**Requirement:**
The answer must consist of every line below that contains the word "case".

**Records supplied:**
+ + + + + + +

(* Let $(V,E)$ be a finite graph (multiple edges allowed, no self-loops) whose vertex set is a disjoint union $V=V_\partial\sqcup V_b$, and let $V_\partial=A\sqcup B\sqcup C$. Consider configurations $\{\pi_v\}_{v\in V}$ with $\pi_v\in S_4$, subject to the boundary conditions $\pi_v=\pi^{(1)}=(12)(34)$ for $v\in A$, $\pi_v=\pi^{(2)}=(13)(24)$ for $v\in B$, and $\pi_v=\mathrm{id}$ for $v\in C$, with energy $E(\{\pi_v\})=\sum_{e=(vw)\in E}d(\pi_v,\pi_w)$. Then every such configuration satisfies $E(\{\pi_v\})\ge 2m$, where $m$ is the minimal size $|\gamma_{ABC}|$ of a tripartition for $A,B,C$. If moreover the minimal tripartition $(\Gamma_A,\Gamma_B,\Gamma_C)$ is unique, then equality $E(\{\pi_v\})=2m$ holds if and only if $\pi_v=\pi^{(1)}$ for all $v\in\Gamma_A$, $\pi_v=\pi^{(2)}$ for all $v\in\Gamma_B$, and $\pi_v=\mathrm{id}$ for all $v\in\Gamma_C$.
   Context: The Cayley distance on $S_n$ is $d(\pi,\sigma)=n-|C(\pi^{-1}\sigma)|$, where $|C(\tau)|$ is the number of disjoint cycles of $\tau$ including fixed points. A tripartition for $A,B,C$ is a partition $V=\Gamma_A\sqcup\Gamma_B\sqcup\Gamma_C$ with $V_\partial\cap\Gamma_A=A$, $V_\partial\cap\Gamma_B=B$, $V_\partial\cap\Gamma_C=C$; its edge set $\gamma_{ABC}$ is the set of edges of $E$ whose endpoints lie in two different parts, and its size is $|\gamma_{ABC}|$. A tripartition is minimal if $|\gamma_{ABC}|$ is minimal among all tripartitions for $A,B,C$. *)

theory Defs
  imports "HOL-Combinatorics.Permutations"
begin

text \<open>Permutations of S_n are modelled as functions nat \<Rightarrow> nat that permute {1..n}.
  The cycles of tau (including fixed points) are its orbits on {1..n}.\<close>

definition cycles_of :: "nat \<Rightarrow> (nat \<Rightarrow> nat) \<Rightarrow> nat set set" where
  "cycles_of n \<tau> = (\<lambda>x. {y. \<exists>k. (\<tau> ^^ k) x = y}) ` {1..n}"

definition num_cycles :: "nat \<Rightarrow> (nat \<Rightarrow> nat) \<Rightarrow> nat" where
  "num_cycles n \<tau> = card (cycles_of n \<tau>)"

definition cayley_dist :: "nat \<Rightarrow> (nat \<Rightarrow> nat) \<Rightarrow> (nat \<Rightarrow> nat) \<Rightarrow> nat" where
  "cayley_dist n \<pi> \<sigma> = n - num_cycles n (inv \<pi> \<circ> \<sigma>)"

definition pi1 :: "nat \<Rightarrow> nat" where
  "pi1 x = (if x = 1 then 2 else if x = 2 then 1 else if x = 3 then 4 else if x = 4 then 3 else x)"

definition pi2 :: "nat \<Rightarrow> nat" where
  "pi2 x = (if x = 1 then 3 else if x = 3 then 1 else if x = 2 then 4 else if x = 4 then 2 else x)"

definition multigraph :: "'v set \<Rightarrow> 'e set \<Rightarrow> ('e \<Rightarrow> 'v \<times> 'v) \<Rightarrow> bool" where
  "multigraph V Ed ends \<longleftrightarrow> finite V \<and> finite Ed \<and>
     (\<forall>e\<in>Ed. fst (ends e) \<in> V \<and> snd (ends e) \<in> V \<and> fst (ends e) \<noteq> snd (ends e))"

definition energy :: "'e set \<Rightarrow> ('e \<Rightarrow> 'v \<times> 'v) \<Rightarrow> ('v \<Rightarrow> nat \<Rightarrow> nat) \<Rightarrow> nat" where
  "energy Ed ends \<pi> = (\<Sum>e\<in>Ed. cayley_dist 4 (\<pi> (fst (ends e))) (\<pi> (snd (ends e))))"

definition tripartition ::
  "'v set \<Rightarrow> 'v set \<Rightarrow> 'v set \<Rightarrow> 'v set \<Rightarrow> 'v set \<Rightarrow> 'v set \<times> 'v set \<times> 'v set \<Rightarrow> bool" where
  "tripartition V Vd A B C T \<longleftrightarrow> (case T of (GA, GB, GC) \<Rightarrow>
     GA \<union> GB \<union> GC = V \<and> GA \<inter> GB = {} \<and> GA \<inter> GC = {} \<and> GB \<inter> GC = {} \<and>
     Vd \<inter> GA = A \<and> Vd \<inter> GB = B \<and> Vd \<inter> GC = C)"

definition same_part :: "'v set \<times> 'v set \<times> 'v set \<Rightarrow> 'v \<Rightarrow> 'v \<Rightarrow> bool" where
  "same_part T x y \<longleftrightarrow> (case T of (GA, GB, GC) \<Rightarrow>
     (x \<in> GA \<and> y \<in> GA) \<or> (x \<in> GB \<and> y \<in> GB) \<or> (x \<in> GC \<and> y \<in> GC))"

definition cut_edges :: "'e set \<Rightarrow> ('e \<Rightarrow> 'v \<times> 'v) \<Rightarrow> 'v set \<times> 'v set \<times> 'v set \<Rightarrow> 'e set" where
  "cut_edges Ed ends T = {e \<in> Ed. \<not> same_part T (fst (ends e)) (snd (ends e))}"

definition min_tripartition_size ::
  "'v set \<Rightarrow> 'e set \<Rightarrow> ('e \<Rightarrow> 'v \<times> 'v) \<Rightarrow> 'v set \<Rightarrow> 'v set \<Rightarrow> 'v set \<Rightarrow> 'v set \<Rightarrow> nat" where
  "min_tripartition_size V Ed ends Vd A B C =
     Min {card (cut_edges Ed ends T) | T. tripartition V Vd A B C T}"

definition minimal_tripartition ::
  "'v set \<Rightarrow> 'e set \<Rightarrow> ('e \<Rightarrow> 'v \<times> 'v) \<Rightarrow> 'v set \<Rightarrow> 'v set \<Rightarrow> 'v set \<Rightarrow> 'v set
     \<Rightarrow> 'v set \<times> 'v set \<times> 'v set \<Rightarrow> bool" where
  "minimal_tripartition V Ed ends Vd A B C T \<longleftrightarrow> tripartition V Vd A B C T \<and>
     (\<forall>T'. tripartition V Vd A B C T' \<longrightarrow> card (cut_edges Ed ends T) \<le> card (cut_edges Ed ends T'))"

end

theory Submission
  imports Defs "HOL-Combinatorics.Orbits"
begin

text \<open>For a point \<open>j \<in> {1..4}\<close>, the values \<open>\<pi> v j\<close> sort the vertices into a tripartition for
  \<open>A, B, C\<close>, because the boundary values \<open>pi1 j\<close>, \<open>pi2 j\<close> and \<open>j\<close> are distinct; its cut consists
  of edges whose endpoints disagree at \<open>j\<close>, so at least \<open>m\<close> edges disagree at each \<open>j\<close>. Summed over
  the four points this counts, for every edge \<open>vw\<close>, the points moved by \<open>inv (\<pi> v) \<circ> \<pi> w\<close>, which
  is at most twice the Cayley distance since a non-trivial cycle moves at least two points. At equality every coordinate tripartition is minimal, so by uniqueness it is
  \<open>(\<Gamma>\<^sub>A, \<Gamma>\<^sub>B, \<Gamma>\<^sub>C)\<close>, and this determines every \<open>\<pi> v\<close>. Conversely \<open>pi1\<close>, \<open>pi2\<close> and \<open>id\<close> generate
  the Klein four-group, whose elements are involutions, so they are at Cayley distance at most 2
  and the configuration that is constant on the three parts has energy at most \<open>2m\<close>.\<close>

section \<open>Cycle counts and the Cayley distance\<close>

lemma cycles_of_eq_orbits:
  assumes "permutation \<tau>"
  shows "cycles_of n \<tau> = orbit \<tau> ` {1..n}"
  unfolding cycles_of_def orbit_altdef_permutation[OF assms] by blast

lemma orbit_eq_of_mem_orbit:
  assumes "permutation \<tau>" "y \<in> orbit \<tau> x"
  shows "orbit \<tau> y = orbit \<tau> x"
  using orbit_cyclic_eq3[OF cyclic_on_orbit'[OF assms(1)] assms(2)] .

lemma orbits_disjoint:
  assumes "permutation \<tau>"
  shows "pairwise disjnt (orbit \<tau> ` S)"
proof (rule pairwise_imageI)
  fix x y assume "orbit \<tau> x \<noteq> orbit \<tau> y"
  then show "disjnt (orbit \<tau> x) (orbit \<tau> y)"
    unfolding disjnt_def using orbit_eq_of_mem_orbit[OF assms] by blast
qed

lemma orbit_subset_non_fixed:
  assumes "permutation \<tau>" "\<tau> x \<noteq> x"
  shows "orbit \<tau> x \<subseteq> {y. \<tau> y \<noteq> y}"
proof
  fix y assume y: "y \<in> orbit \<tau> x"
  from orbit_eq_of_mem_orbit[OF assms(1) y] show "y \<in> {y. \<tau> y \<noteq> y}"
    using assms orbit_eq_singleton_iff[of \<tau> y] orbit.base[of \<tau> x] permutation_self_in_orbit[of \<tau> x]
    by auto
qed

lemma two_le_card_orbit:
  assumes "permutation \<tau>" "\<tau> x \<noteq> x"
  shows "2 \<le> card (orbit \<tau> x)"
proof -
  have "{x, \<tau> x} \<subseteq> orbit \<tau> x"
    by (simp add: permutation_self_in_orbit[OF assms(1)] orbit.base)
  moreover have "finite (orbit \<tau> x)"
    by (rule finite_orbit[OF permutation_self_in_orbit[OF assms(1)]])
  ultimately have "card {x, \<tau> x} \<le> card (orbit \<tau> x)" by (rule card_mono[rotated])
  then show ?thesis using assms(2) by simp
qed

lemma card_disjoint_family_le:
  assumes "finite M" "pairwise disjnt F" "\<And>X. X \<in> F \<Longrightarrow> X \<subseteq> M" "\<And>X. X \<in> F \<Longrightarrow> k \<le> card X"
  shows "k * card F \<le> card M"
proof -
  have fin: "finite X" if "X \<in> F" for X by (rule finite_subset[OF assms(3)[OF that] assms(1)])
  have "k * card F = (\<Sum>X\<in>F. k)" by simp
  also have "\<dots> \<le> sum card F" by (rule sum_mono) (rule assms(4))
  also have "\<dots> = card (\<Union>F)" by (rule card_Union_disjoint[symmetric, OF assms(2) fin])
  also have "\<dots> \<le> card M" using assms(1,3) by (intro card_mono) auto
  finally show ?thesis .
qed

+ + + + + + +

**Response box:**
  "tripartition V Vd A B C T \<longleftrightarrow> (case T of (GA, GB, GC) \<Rightarrow>
  "same_part T x y \<longleftrightarrow> (case T of (GA, GB, GC) \<Rightarrow>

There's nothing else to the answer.